WHAT THE TASK REQUIRES
Below this sentence is a listing; return exactly its lines from the one with "a b t P = 0)" to the one with "D r \<longleftrightarrow>", both kept, and nothing more.

::::

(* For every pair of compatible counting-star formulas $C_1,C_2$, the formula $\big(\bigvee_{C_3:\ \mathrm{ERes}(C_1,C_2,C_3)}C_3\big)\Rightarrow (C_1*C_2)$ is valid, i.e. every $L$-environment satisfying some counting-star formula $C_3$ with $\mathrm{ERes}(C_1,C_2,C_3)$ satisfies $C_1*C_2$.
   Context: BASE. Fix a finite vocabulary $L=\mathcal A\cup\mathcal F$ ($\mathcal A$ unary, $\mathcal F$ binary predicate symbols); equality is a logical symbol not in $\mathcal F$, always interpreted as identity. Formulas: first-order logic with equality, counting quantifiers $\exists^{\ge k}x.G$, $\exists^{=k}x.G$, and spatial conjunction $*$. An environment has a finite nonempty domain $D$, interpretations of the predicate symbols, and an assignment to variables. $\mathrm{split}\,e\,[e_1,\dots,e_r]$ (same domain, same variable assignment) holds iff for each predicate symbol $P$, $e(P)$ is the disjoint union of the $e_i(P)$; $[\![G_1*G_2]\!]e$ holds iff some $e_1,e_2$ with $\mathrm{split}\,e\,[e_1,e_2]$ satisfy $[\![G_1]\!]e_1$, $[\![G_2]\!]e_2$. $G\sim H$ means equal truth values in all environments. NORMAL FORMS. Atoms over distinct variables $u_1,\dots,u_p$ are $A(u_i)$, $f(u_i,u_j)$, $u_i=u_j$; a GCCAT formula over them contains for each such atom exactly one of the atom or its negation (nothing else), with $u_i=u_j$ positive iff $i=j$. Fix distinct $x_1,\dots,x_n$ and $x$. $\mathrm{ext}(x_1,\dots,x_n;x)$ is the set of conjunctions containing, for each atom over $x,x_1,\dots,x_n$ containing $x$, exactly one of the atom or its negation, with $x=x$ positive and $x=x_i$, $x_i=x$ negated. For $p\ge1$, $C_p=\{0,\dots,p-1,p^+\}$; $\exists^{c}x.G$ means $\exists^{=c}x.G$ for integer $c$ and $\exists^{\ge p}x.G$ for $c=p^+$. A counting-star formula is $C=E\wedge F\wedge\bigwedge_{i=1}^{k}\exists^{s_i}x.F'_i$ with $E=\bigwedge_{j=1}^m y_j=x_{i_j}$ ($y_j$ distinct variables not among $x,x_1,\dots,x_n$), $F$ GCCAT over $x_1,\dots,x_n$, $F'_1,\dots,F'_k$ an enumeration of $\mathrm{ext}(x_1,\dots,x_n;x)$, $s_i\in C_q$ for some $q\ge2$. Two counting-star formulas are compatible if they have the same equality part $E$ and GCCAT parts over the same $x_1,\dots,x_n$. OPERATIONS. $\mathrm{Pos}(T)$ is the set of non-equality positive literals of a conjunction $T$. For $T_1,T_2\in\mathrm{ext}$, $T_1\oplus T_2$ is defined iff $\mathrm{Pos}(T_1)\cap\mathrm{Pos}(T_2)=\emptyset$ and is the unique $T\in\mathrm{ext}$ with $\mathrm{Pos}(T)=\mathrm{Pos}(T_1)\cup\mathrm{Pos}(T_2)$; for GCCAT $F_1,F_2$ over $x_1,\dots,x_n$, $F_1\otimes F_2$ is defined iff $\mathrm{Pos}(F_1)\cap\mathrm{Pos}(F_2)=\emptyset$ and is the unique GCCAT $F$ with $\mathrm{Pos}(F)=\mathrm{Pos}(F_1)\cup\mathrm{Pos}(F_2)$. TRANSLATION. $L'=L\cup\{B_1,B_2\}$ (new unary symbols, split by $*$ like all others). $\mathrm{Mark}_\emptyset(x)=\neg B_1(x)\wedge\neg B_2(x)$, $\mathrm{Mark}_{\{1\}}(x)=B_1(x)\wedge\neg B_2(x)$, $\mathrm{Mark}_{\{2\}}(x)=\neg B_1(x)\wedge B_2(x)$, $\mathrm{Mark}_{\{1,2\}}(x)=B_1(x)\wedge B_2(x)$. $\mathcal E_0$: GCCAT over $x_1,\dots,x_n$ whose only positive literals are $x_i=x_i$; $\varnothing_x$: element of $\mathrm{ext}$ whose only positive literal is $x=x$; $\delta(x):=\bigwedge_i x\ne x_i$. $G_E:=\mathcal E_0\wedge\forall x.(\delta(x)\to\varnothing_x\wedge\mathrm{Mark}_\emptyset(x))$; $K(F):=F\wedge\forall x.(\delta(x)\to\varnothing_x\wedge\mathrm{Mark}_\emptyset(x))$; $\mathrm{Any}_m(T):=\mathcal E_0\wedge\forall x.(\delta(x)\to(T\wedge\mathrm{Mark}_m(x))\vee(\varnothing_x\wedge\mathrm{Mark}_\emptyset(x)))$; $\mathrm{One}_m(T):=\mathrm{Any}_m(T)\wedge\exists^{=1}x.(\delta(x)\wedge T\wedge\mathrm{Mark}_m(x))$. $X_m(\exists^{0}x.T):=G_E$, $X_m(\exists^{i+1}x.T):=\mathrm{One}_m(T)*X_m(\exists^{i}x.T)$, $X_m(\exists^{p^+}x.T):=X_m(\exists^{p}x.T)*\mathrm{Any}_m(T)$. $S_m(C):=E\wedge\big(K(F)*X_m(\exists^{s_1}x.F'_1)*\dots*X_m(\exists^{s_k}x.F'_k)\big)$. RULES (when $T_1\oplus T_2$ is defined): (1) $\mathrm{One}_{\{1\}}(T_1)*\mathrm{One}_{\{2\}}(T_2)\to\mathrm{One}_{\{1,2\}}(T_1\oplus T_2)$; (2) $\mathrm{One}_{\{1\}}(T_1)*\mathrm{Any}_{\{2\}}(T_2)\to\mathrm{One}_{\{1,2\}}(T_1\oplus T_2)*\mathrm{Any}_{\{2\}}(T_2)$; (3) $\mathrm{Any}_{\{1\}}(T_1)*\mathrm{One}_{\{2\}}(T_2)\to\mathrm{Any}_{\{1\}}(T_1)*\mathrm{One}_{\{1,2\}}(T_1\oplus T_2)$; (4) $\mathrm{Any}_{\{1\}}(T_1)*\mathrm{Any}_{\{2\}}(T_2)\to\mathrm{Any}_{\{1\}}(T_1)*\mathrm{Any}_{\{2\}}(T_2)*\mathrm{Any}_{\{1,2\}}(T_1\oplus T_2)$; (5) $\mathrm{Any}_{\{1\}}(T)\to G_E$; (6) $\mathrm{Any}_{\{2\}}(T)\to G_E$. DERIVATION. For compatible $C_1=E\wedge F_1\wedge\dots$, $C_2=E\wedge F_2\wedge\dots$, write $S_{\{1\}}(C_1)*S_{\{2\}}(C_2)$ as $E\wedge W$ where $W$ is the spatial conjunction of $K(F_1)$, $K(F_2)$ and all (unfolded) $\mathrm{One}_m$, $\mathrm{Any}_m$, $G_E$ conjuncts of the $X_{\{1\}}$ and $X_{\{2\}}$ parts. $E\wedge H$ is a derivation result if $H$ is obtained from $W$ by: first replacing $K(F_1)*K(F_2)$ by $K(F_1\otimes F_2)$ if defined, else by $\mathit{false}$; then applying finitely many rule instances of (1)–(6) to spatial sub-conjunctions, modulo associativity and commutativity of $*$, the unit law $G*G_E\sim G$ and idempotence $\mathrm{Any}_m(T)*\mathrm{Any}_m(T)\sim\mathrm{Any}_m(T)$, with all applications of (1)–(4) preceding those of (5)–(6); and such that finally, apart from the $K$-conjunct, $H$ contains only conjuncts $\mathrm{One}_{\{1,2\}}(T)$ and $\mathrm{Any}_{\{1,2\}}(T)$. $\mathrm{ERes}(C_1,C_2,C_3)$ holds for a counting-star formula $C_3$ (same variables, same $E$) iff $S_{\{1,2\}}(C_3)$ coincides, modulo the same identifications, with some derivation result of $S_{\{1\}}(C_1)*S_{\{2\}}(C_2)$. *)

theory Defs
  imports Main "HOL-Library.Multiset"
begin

::::

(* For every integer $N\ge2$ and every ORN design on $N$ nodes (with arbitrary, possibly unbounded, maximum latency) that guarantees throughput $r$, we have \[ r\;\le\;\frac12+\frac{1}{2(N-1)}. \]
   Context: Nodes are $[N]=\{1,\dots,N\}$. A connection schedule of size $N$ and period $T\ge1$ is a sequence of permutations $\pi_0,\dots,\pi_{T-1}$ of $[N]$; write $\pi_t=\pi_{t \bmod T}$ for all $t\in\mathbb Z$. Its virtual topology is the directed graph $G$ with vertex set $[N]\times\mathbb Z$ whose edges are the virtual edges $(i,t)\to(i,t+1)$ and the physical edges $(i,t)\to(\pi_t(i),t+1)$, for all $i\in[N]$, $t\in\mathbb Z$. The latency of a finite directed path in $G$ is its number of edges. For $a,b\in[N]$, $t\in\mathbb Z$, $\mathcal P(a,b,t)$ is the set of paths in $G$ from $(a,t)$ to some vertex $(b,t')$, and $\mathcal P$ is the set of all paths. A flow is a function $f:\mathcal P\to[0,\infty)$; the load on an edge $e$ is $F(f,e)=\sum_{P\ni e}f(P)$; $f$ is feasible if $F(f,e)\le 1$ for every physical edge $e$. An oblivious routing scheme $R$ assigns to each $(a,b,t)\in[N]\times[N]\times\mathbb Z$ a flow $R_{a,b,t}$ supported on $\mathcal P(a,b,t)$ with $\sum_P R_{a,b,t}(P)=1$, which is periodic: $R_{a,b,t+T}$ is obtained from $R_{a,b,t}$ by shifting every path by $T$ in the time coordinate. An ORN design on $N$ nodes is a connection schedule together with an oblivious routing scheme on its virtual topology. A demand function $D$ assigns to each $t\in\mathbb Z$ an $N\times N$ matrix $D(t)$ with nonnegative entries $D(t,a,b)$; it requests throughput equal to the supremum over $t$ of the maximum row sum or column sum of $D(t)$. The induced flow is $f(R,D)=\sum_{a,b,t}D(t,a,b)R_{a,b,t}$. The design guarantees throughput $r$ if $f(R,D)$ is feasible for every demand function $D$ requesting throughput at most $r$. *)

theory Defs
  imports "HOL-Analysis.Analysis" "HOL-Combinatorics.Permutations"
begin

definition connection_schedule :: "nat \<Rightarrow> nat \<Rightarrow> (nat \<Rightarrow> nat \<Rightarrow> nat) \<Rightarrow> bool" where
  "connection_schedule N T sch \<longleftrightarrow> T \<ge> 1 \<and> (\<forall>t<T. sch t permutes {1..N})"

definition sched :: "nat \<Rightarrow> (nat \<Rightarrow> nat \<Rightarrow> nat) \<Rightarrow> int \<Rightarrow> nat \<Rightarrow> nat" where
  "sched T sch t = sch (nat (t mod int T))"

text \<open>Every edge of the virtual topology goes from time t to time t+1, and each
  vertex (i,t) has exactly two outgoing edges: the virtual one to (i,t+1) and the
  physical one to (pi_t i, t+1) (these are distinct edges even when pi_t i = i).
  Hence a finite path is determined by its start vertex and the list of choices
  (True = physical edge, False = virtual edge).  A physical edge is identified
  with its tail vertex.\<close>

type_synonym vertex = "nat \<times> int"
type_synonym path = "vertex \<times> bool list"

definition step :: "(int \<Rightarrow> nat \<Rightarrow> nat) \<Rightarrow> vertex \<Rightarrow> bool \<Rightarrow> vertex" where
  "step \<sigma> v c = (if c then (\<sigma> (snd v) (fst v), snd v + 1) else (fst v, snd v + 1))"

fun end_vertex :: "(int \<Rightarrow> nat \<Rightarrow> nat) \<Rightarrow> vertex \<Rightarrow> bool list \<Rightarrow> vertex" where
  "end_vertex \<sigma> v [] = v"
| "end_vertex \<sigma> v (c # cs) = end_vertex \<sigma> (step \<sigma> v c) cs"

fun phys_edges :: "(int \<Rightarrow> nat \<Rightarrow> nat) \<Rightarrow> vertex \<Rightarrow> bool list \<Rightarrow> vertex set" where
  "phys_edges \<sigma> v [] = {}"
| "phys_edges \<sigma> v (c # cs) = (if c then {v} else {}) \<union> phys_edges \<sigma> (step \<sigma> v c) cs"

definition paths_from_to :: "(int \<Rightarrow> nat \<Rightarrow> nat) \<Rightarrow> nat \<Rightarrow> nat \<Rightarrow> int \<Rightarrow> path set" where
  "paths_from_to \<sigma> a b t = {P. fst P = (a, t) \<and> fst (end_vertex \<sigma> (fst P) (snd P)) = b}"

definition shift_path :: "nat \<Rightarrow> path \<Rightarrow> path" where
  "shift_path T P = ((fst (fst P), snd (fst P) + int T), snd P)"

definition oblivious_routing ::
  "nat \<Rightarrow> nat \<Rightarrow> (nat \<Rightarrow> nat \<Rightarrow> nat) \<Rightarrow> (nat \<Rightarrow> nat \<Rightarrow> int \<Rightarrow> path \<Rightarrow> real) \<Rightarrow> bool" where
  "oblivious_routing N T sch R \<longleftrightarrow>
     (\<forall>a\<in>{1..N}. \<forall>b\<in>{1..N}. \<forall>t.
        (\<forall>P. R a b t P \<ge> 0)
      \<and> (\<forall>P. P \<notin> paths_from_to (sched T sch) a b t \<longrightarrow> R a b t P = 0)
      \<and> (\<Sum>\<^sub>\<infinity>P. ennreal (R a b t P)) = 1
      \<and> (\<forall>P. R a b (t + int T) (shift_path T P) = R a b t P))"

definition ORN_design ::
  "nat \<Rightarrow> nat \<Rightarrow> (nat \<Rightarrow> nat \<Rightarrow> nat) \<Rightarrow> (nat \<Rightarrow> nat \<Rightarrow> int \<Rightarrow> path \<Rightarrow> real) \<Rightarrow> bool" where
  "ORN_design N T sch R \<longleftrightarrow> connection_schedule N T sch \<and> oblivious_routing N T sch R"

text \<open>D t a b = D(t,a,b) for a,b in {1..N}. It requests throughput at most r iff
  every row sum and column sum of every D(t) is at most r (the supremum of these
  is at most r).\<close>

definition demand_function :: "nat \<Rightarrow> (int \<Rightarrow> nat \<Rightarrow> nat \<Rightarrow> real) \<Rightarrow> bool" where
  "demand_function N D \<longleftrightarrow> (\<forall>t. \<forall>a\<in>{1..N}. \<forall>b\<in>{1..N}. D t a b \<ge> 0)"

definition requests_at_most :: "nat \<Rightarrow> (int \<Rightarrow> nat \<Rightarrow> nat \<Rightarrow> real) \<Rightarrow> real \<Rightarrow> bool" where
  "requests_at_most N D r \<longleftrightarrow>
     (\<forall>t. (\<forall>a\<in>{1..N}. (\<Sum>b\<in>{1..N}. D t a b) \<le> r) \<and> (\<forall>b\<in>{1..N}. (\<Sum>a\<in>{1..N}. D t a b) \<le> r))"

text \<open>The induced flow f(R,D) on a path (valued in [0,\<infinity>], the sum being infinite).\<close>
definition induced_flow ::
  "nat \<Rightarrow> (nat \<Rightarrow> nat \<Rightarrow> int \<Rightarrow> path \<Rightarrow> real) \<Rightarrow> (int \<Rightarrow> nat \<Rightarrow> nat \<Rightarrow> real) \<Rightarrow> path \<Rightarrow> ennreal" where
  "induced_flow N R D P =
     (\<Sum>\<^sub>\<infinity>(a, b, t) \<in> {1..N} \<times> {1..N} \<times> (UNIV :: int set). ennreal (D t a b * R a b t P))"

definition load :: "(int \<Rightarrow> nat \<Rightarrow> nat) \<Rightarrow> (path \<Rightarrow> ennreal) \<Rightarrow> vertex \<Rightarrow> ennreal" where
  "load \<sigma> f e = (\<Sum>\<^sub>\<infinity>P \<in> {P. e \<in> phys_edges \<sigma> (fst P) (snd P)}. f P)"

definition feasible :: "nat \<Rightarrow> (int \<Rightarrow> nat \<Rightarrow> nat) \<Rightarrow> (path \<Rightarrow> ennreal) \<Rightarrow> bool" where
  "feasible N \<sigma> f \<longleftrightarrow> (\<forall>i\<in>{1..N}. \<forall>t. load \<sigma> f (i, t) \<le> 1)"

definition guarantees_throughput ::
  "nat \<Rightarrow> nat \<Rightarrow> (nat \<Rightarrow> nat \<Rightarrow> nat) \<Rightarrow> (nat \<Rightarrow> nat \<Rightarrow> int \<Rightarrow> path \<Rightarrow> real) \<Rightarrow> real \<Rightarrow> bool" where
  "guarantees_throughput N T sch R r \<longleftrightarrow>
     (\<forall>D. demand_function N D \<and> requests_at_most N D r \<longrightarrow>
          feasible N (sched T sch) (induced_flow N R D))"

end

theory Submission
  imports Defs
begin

::::

ANSWER FOR THE TASK
      \<and> (\<forall>P. P \<notin> paths_from_to (sched T sch) a b t \<longrightarrow> R a b t P = 0)
      \<and> (\<Sum>\<^sub>\<infinity>P. ennreal (R a b t P)) = 1
      \<and> (\<forall>P. R a b (t + int T) (shift_path T P) = R a b t P))"

definition ORN_design ::
  "nat \<Rightarrow> nat \<Rightarrow> (nat \<Rightarrow> nat \<Rightarrow> nat) \<Rightarrow> (nat \<Rightarrow> nat \<Rightarrow> int \<Rightarrow> path \<Rightarrow> real) \<Rightarrow> bool" where
  "ORN_design N T sch R \<longleftrightarrow> connection_schedule N T sch \<and> oblivious_routing N T sch R"

text \<open>D t a b = D(t,a,b) for a,b in {1..N}. It requests throughput at most r iff
  every row sum and column sum of every D(t) is at most r (the supremum of these
  is at most r).\<close>

definition demand_function :: "nat \<Rightarrow> (int \<Rightarrow> nat \<Rightarrow> nat \<Rightarrow> real) \<Rightarrow> bool" where
  "demand_function N D \<longleftrightarrow> (\<forall>t. \<forall>a\<in>{1..N}. \<forall>b\<in>{1..N}. D t a b \<ge> 0)"

definition requests_at_most :: "nat \<Rightarrow> (int \<Rightarrow> nat \<Rightarrow> nat \<Rightarrow> real) \<Rightarrow> real \<Rightarrow> bool" where
  "requests_at_most N D r \<longleftrightarrow>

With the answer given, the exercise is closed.